GeoTessera Documentation¶
GeoTessera provides access to open geospatial embeddings from the Tessera foundation model (paper). Tessera processes Sentinel-1 and Sentinel-2 satellite imagery to generate 128-channel representation maps at 10m resolution, compressing a full year of temporal-spectral features into dense representations optimized for downstream geospatial analysis tasks.
Overview¶
GeoTessera is built around a two-step workflow:
Retrieve embeddings: Fetch raw numpy arrays with CRS/transform information for a geographic bounding box
Export to desired format: Save as raw numpy arrays or convert to georeferenced GeoTIFF files with preserved projections
Key Features¶
Global Coverage: Access embeddings for any terrestrial location worldwide where data exists
Flexible Formats: Export as numpy arrays for analysis or GeoTIFF for GIS integration
Cloud-Native Zarr Access: Stream embeddings directly via
GeoTesseraZarrwithout downloading filesProjection Preservation: Native UTM projections preserved from landmask tiles
High Resolution: 10m spatial resolution
Temporal Compression: Full year of satellite observations in each embedding
Multi-spectral: Combines Sentinel-1 SAR and Sentinel-2 optical data
Country Support: Download by country name or custom regions
Resume Capability: Both TIFF and NPY downloads skip existing files automatically
Efficient Registry: Block-based lazy loading of only required data
Easy Access: Python API and CLI with automatic caching
Installation¶
Requires Python 3.12 or later. Install GeoTessera using pip:
pip install geotessera
For development installation:
git clone https://github.com/ucam-eo/geotessera
cd geotessera
pip install -e .
Quick Start¶
Check data availability first:
# Generate coverage visualizations (creates PNG map, JSON data, and interactive HTML globe)

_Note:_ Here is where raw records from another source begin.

(* Let $A=[a_{ijk}]=[A_1,\ldots,A_n]$ be an $n\times n\times n$ PASHM and $L(A)=1A_1+2A_2+\cdots+nA_n=[l_{ij}]$. Then every row sum and every column sum of $L(A)$ equals $\binom{n+1}{2}$. If moreover $A$ is an ASHM, then: (i) every entry of $L(A)$ lies in $\{1,\ldots,n\}$, and the first and last rows and the first and last columns of $L(A)$ are permutations of $1,2,\ldots,n$; (ii) fix $i,j$ and let $1\le k_1<k_2<\cdots<k_p\le n$ ($p\ge1$) be the indices $k$ with $a_{ijk}\neq 0$. Let $r=l_{ij}$. Then (iia) $k_1\le r$ and $p\le 2r-1$; moreover $k_1=r$ implies $p=1$; in particular, if $l_{ij}=1$ then $a_{ij1}=1$ and $a_{ijk}=0$ for $1<k\le n$. (iib) $p\le 2(n-r)+1$; in particular, if $l_{ij}=n$ then $a_{ijn}=1$ and $a_{ijk}=0$ for $1\le k<n$.
   Context: An $n\times n$ alternating sign matrix (ASM) is an $n\times n$ matrix with entries in $\{0,1,-1\}$ such that in every row and column the nonzeros alternate in sign, beginning and ending with $+1$. An $n\times n\times n$ hypermatrix $A=[a_{ijk}]$ is written $A=[A_1,\ldots,A_n]$ with $A_k=[a_{ijk}]_{i,j}$ its $k$-th horizontal plane; its vertical lines are $(a_{ijk})_{k=1}^n$ for fixed $i,j$. $A$ is a planar alternating sign hypermatrix (PASHM) if each horizontal plane $A_k$ is an ASM and each vertical line sums to $1$. $A$ is an alternating sign hypermatrix (ASHM) if all entries lie in $\{0,\pm1\}$ and in every line (fixing any two of the three indices) the nonzeros alternate in sign beginning and ending with $+1$; every ASHM is a PASHM. *)

theory Defs
  imports Main
begin

text \<open>Indices run over 1..n as in the paper. A hypermatrix is a function
  nat => nat => nat => int, with entry a i j k; only indices in 1..n matter.\<close>

definition alt_sign :: "int list \<Rightarrow> bool" where
  "alt_sign xs \<longleftrightarrow> set xs \<subseteq> {-1, 0, 1} \<and>
     (let ys = filter (\<lambda>x. x \<noteq> 0) xs in
        ys \<noteq> [] \<and> odd (length ys) \<and>
        (\<forall>t < length ys. ys ! t = (if even t then 1 else -1)))"

definition is_ASM :: "nat \<Rightarrow> (nat \<Rightarrow> nat \<Rightarrow> int) \<Rightarrow> bool" where
  "is_ASM n M \<longleftrightarrow>
     (\<forall>i \<in> {1..n}. alt_sign (map (\<lambda>j. M i j) [1..<n+1])) \<and>
     (\<forall>j \<in> {1..n}. alt_sign (map (\<lambda>i. M i j) [1..<n+1]))"

definition is_PASHM :: "nat \<Rightarrow> (nat \<Rightarrow> nat \<Rightarrow> nat \<Rightarrow> int) \<Rightarrow> bool" where
  "is_PASHM n A \<longleftrightarrow>
     (\<forall>k \<in> {1..n}. is_ASM n (\<lambda>i j. A i j k)) \<and>
     (\<forall>i \<in> {1..n}. \<forall>j \<in> {1..n}. (\<Sum>k = 1..n. A i j k) = 1)"

definition is_ASHM :: "nat \<Rightarrow> (nat \<Rightarrow> nat \<Rightarrow> nat \<Rightarrow> int) \<Rightarrow> bool" where
  "is_ASHM n A \<longleftrightarrow>
     (\<forall>i \<in> {1..n}. \<forall>j \<in> {1..n}. \<forall>k \<in> {1..n}. A i j k \<in> {-1, 0, 1}) \<and>
     (\<forall>i \<in> {1..n}. \<forall>j \<in> {1..n}. alt_sign (map (\<lambda>k. A i j k) [1..<n+1])) \<and>
     (\<forall>i \<in> {1..n}. \<forall>k \<in> {1..n}. alt_sign (map (\<lambda>j. A i j k) [1..<n+1])) \<and>
     (\<forall>j \<in> {1..n}. \<forall>k \<in> {1..n}. alt_sign (map (\<lambda>i. A i j k) [1..<n+1]))"

definition Lmat :: "nat \<Rightarrow> (nat \<Rightarrow> nat \<Rightarrow> nat \<Rightarrow> int) \<Rightarrow> nat \<Rightarrow> nat \<Rightarrow> int" where
  "Lmat n A i j = (\<Sum>k = 1..n. int k * A i j k)"

end

theory Submission
  imports Defs
begin

text \<open>Along an alternating sign line f on 1..n all partial sums lie in {0,1}, so by summation by
  parts the weighted sum r = \<Sum> k f(k) counts the positions k whose preceding partial sum is 0.
  Every +1 entry sits at such a position and every -1 entry does not, and the +1 entries
  outnumber the -1 entries by one; this gives r \<in> {1..n} and the bounds on the number of
  nonzero entries. For the vertical lines this yields the claims about L(A). On the boundary
  rows and columns of an ASHM the planes have only 0/1 entries, hence are permutation matrices,
  which makes the boundary rows and columns of L(A) permutations. The row and column sums of
  L(A) only need that the lines of every horizontal plane sum to 1.\<close>

lemma sum_of_bool_eq_card:
  "finite A \<Longrightarrow> (\<Sum>k\<in>A. of_bool (P k) :: int) = int (card {k\<in>A. P k})"
  by (simp add: Collect_conj_eq Int_commute)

geotessera coverage --output coverage_map.png
# Creates: coverage_map.png, coverage.json, globe.html
# View coverage for a specific year
geotessera coverage --year 2024
# Check coverage for a single country with precise boundary outline
geotessera coverage --country "United Kingdom"
geotessera coverage --country uk # Also accepts country codes
Download embeddings in your preferred format:
# Download as GeoTIFF (default, georeferenced, ready for GIS)

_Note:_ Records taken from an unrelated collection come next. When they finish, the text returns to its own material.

(* The set $\{S_\lambda:\lambda\in\Lambda^{\bullet}(n,r)\}$ is a complete set of representatives of the isomorphism classes of simple $\mathbf{S}_0(n,r)$-modules.
   Context: Setting: $n,r\ge 0$; $\Lambda(n,r)$ is the set of weak compositions of $r$ with $n$ parts, and $\Lambda^\bullet(n,r)$ the subset where $\lambda_i=0$ forces $\lambda_j=0$ for $j>i$. $M_n(r)$ is the set of $n\times n$ nonnegative integer matrices with entry sum $r$; $\mathrm{ro}(A),\mathrm{co}(A)$ are the row and column sum vectors; $E_{a,b}$ are matrix units; $D_\lambda=\mathrm{diag}(\lambda)$. $\mathbf{S}_0(n,r)=S_0(n,r)\otimes_{\mathbb Z}\mathbb C$ is the complex $0$-Schur algebra (the $q=0$ specialization of the Dipper–James $q$-Schur algebra), with Jensen–Su standard basis $\{e_A:A\in M_n(r)\}$: - $e_Ae_B=0$ unless $\mathrm{co}(A)=\mathrm{ro}(B)$, in which case $e_Ae_B=e_C$ for a unique $C$. - $k_\lambda=e_{D_\lambda}$ with $k_\lambda e_A=\delta_{\lambda,\mathrm{ro}(A)}e_A$ and $e_Ak_\lambda=\delta_{\lambda,\mathrm{co}(A)}e_A$. - $e_i=\sum_\lambda e_{D_\lambda-E_{i+1,i+1}+E_{i,i+1}}$ and $f_i=\sum_\lambda e_{D_\lambda-E_{i,i}+E_{i+1,i}}$ ($1\le i\le n-1$); the $e_i,f_i,k_\lambda$ generate $\mathbf S_0(n,r)$. - For $\mathrm{ro}(A)=\lambda$: $e_ie_A=e_{A+E_{i,p}-E_{i+1,p}}$ if $\lambda_{i+1}>0$ ($p$ the largest $j$ with $a_{i+1,j}>0$), else $0$. - $f_ie_A=e_{A-E_{i,q}+E_{i+1,q}}$ if $\lambda_i>0$ ($q$ the smallest $j$ with $a_{i,j}>0$), else $0$. $P_\lambda$ (Jensen–Su–Yang): $\max(\lambda)$ is the set of strong compositions $\alpha$ of $n$ such that, cutting $\lambda$ into consecutive pieces of lengths $\alpha_1,\alpha_2,\dots$, each piece is $(0)$ or has nonzero first and last entries. A matrix is open if $a_{i,j}a_{i',j'}=0$ for $i<i'$, $j<j'$. $A$ is open on columns w.r.t. $\alpha$ if, for each block of consecutive column indices determined by $\alpha$, the matrix keeping only those columns (others zero) is open. $B^{\lambda,\alpha}=\{e_A:\mathrm{co}(A)=\lambda,\ A\text{ open on columns w.r.t. }\alpha\}$ and $B^\lambda=\{e_A:\mathrm{co}(A)=\lambda\}\setminus\bigcup_{\alpha\in\max(\lambda)\setminus\{(1^n)\}}B^{\lambda,\alpha}$. $P_\lambda=\mathbb CB^\lambda$ with $b\cdot e_A=e_B$ if $be_A=e_B$ in $S_0(n,r)$ and $e_B\in B^\lambda$, else $0$. It is known (Jensen–Su–Yang) that $\{P_\lambda:\lambda\in\Lambda^\bullet(n,r)\}$ is a complete set of representatives of the projective indecomposable $\mathbf S_0(n,r)$-modules. $\mathrm{cb}(\lambda)$ is the set of $n\times n$ column block diagonal matrices ($a_{i,j}>0\Rightarrow a_{i',s}=0$ for all $i'\le i$, $s>j$) with $\mathrm{co}(A)=\lambda$, and $\beta^\lambda=\{e_A:A\in\mathrm{cb}(\lambda)\}\subseteq B^\lambda$. $N_\lambda$ is the span of $B^\lambda\setminus\beta^\lambda$, which is a submodule of $P_\lambda$, and $S_\lambda:=P_\lambda/N_\lambda$. *)

theory Defs
  imports Complex_Main "HOL-Library.Function_Algebras"
begin

(* Conventions: indices are 0-based (rows/columns 0..n-1 instead of 1..n).
   An n x n matrix is a function nat => nat => nat vanishing outside {0..<n}^2;
   a weak composition is a function nat => nat vanishing from n on.          *)

type_synonym mat = "nat \<Rightarrow> nat \<Rightarrow> nat"
type_synonym vect = "mat \<Rightarrow> complex"   (* C-linear combinations of basis vectors e_A *)

definition mats :: "nat \<Rightarrow> nat \<Rightarrow> mat set" where
  "mats n r = {A. (\<forall>i j. (n \<le> i \<or> n \<le> j) \<longrightarrow> A i j = 0) \<and> (\<Sum>i<n. \<Sum>j<n. A i j) = r}"

definition comps :: "nat \<Rightarrow> nat \<Rightarrow> (nat \<Rightarrow> nat) set" where
  "comps n r = {la. (\<forall>i. n \<le> i \<longrightarrow> la i = 0) \<and> (\<Sum>i<n. la i) = r}"

definition comps_bullet :: "nat \<Rightarrow> nat \<Rightarrow> (nat \<Rightarrow> nat) set" where
  "comps_bullet n r = {la \<in> comps n r. \<forall>i j. i < j \<longrightarrow> la i = 0 \<longrightarrow> la j = 0}"

definition ro :: "nat \<Rightarrow> mat \<Rightarrow> nat \<Rightarrow> nat" where
  "ro n A = (\<lambda>i. \<Sum>j<n. A i j)"

definition co :: "nat \<Rightarrow> mat \<Rightarrow> nat \<Rightarrow> nat" where
  "co n A = (\<lambda>j. \<Sum>i<n. A i j)"

definition mplus :: "mat \<Rightarrow> nat \<Rightarrow> nat \<Rightarrow> mat" where
  "mplus A i j = A(i := (A i)(j := Suc (A i j)))"

definition mminus :: "mat \<Rightarrow> nat \<Rightarrow> nat \<Rightarrow> mat" where
  "mminus A i j = A(i := (A i)(j := A i j - 1))"

definition ebas :: "mat \<Rightarrow> vect" where
  "ebas A = (\<lambda>B. if B = A then 1 else 0)"

definition fscale :: "complex \<Rightarrow> vect \<Rightarrow> vect" where
  "fscale c v = (\<lambda>B. c * v B)"

definition lin_ext :: "nat \<Rightarrow> nat \<Rightarrow> (mat \<Rightarrow> vect) \<Rightarrow> vect \<Rightarrow> vect" where
  "lin_ext n r g v = (\<Sum>A\<in>mats n r. fscale (v A) (g A))"

(* left multiplication by the generators k_lambda, e_i, f_i on the basis e_A
   (the left regular representation of S_0(n,r)); e_i, f_i use rows i, i+1 *)
definition K_op :: "nat \<Rightarrow> nat \<Rightarrow> (nat \<Rightarrow> nat) \<Rightarrow> vect \<Rightarrow> vect" where
  "K_op n r la = lin_ext n r (\<lambda>A. if ro n A = la then ebas A else 0)"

geotessera download --bbox "-0.2,51.4,0.1,51.6" --year 2024 --output ./london_tiffs --bands 1,2,3
# Download as quantized numpy arrays (for analysis, includes scales and landmask TIFFs)
geotessera download --bbox "-0.2,51.4,0.1,51.6" --format npy --year 2024 --output ./london_arrays
# NPY format includes: quantized .npy, _scales.npy, and landmask .tiff files
# Download by country name with precise boundary filtering
geotessera download --country "United Kingdom" --year 2024 --output ./uk_tiles
# Download tiles from a region file (supports GeoJSON, Shapefile, or URLs)
geotessera download --region-file example/CB.geojson --year 2024 --output ./cambridge
geotessera download --region-file https://example.com/region.geojson --year 2024 --output ./remote_region
Python API usage:
from geotessera import GeoTessera
# Initialize client
gt = GeoTessera()
# Method 1: Fetch a single tile with CRS information
embedding, crs, transform = gt.fetch_embedding(lon=0.15, lat=52.05, year=2024)
print(f"Shape: {embedding.shape}") # e.g., (1200, 1200, 128)
print(f"CRS: {crs}") # UTM projection
# Method 2: Fetch all tiles in a bounding box
bbox = (-0.2, 51.4, 0.1, 51.6) # (min_lon, min_lat, max_lon, max_lat)
tiles_to_fetch = gt.registry.load_blocks_for_region(bounds=bbox, year=2024)
tiles = gt.fetch_embeddings(tiles_to_fetch)
for year, tile_lon, tile_lat, embedding, crs, transform in tiles:
print(f"Tile ({tile_lon}, {tile_lat}): {embedding.shape}")
# Method 3: Sample embeddings at specific point locations
points = [(0.15, 52.05), (0.25, 52.15), (-0.05, 51.55)] # (lon, lat) tuples
embeddings = gt.sample_embeddings_at_points(points, year=2024)
print(f"Sampled embeddings shape: {embeddings.shape}") # (3, 128)
# Export as GeoTIFF files with preserved UTM projections
tiles_to_fetch = gt.registry.load_blocks_for_region(bounds=bbox, year=2024)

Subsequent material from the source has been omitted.